Begin at the line below that has "M \<ge> 1 \<longrightarrow>" and stop after the line that has "unfolding a_def b_def using". Please restate only those lines, word for word.

(Saved data entries)
^^^^
theorem corollary2:
  fixes \<alpha> :: real and \<nu> :: nat
  assumes "0 < \<alpha>" "\<alpha> < 1" and "2 * real \<nu> > 1 / (1 - \<alpha>)"
  shows "(\<forall>x \<beta>. \<alpha> < \<beta> \<and> \<beta> \<le> 1 \<longrightarrow>
            Limsup (at 0) (\<lambda>t. ereal (\<bar>K \<alpha> \<nu> (x + t) - K \<alpha> \<nu> x\<bar> / \<bar>t\<bar> powr \<beta>)) = \<infinity>
            \<and> \<not> holder_at (K \<alpha> \<nu>) \<beta> x)
       \<and> (\<forall>x. \<not> (K \<alpha> \<nu>) differentiable (at x))
       \<and> (\<forall>M::real. M \<ge> 1 \<longrightarrow>
            Limsup (at 0) (\<lambda>t. ereal (1 / (2 * M) *
              integral {-M..M} (\<lambda>x. \<bar>(K \<alpha> \<nu> (x + t) - K \<alpha> \<nu> x) / t\<bar>))) = \<infinity>)
       \<and> \<not> locally_bv (K \<alpha> \<nu>)"
proof -
  define b :: nat where "b = 4 ^ \<nu>"
  define a where "a = real b powr - \<alpha>"
  interpret vdw_parameters a b
    unfolding a_def b_def using assms by (intro vdw_parameters_K) auto
  have K: "K \<alpha> \<nu> = W"
    unfolding a_def b_def by (rule K_eq_vdw_function)
  have holder_quotient: "Limsup (at 0) (\<lambda>t. ereal (\<bar>W (x + t) - W x\<bar> / \<bar>t\<bar> powr \<beta>)) = \<infinity>"
    if "\<alpha> < \<beta>" for x \<beta>
  proof (rule Limsup_W_holder_quotient)
    have "1 < real b powr (\<beta> - \<alpha>)"
      using b_ge_4 that by simp
    then show "1 < a * real b powr \<beta>"
      using b_ge_4 by (simp add: a_def powr_diff powr_minus field_simps)
  qed
  have not_holder: "\<not> holder_at W \<beta> x" if "\<alpha> < \<beta>" for x \<beta>
    using holder_at_imp_Limsup_less_infinity holder_quotient[OF that] by force
  show ?thesis
    unfolding K locally_bv_def
    using holder_quotient not_holder differentiable_imp_holder_at_1 \<open>\<alpha> < 1\<close>
      Limsup_W_mean_difference_quotient not_bv_on_W by blast
qed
^^^^
Output of the exercise
       \<and> (\<forall>M::real. M \<ge> 1 \<longrightarrow>
            Limsup (at 0) (\<lambda>t. ereal (1 / (2 * M) *
              integral {-M..M} (\<lambda>x. \<bar>(K \<alpha> \<nu> (x + t) - K \<alpha> \<nu> x) / t\<bar>))) = \<infinity>)
       \<and> \<not> locally_bv (K \<alpha> \<nu>)"
proof -
  define b :: nat where "b = 4 ^ \<nu>"
  define a where "a = real b powr - \<alpha>"
  interpret vdw_parameters a b
    unfolding a_def b_def using assms by (intro vdw_parameters_K) auto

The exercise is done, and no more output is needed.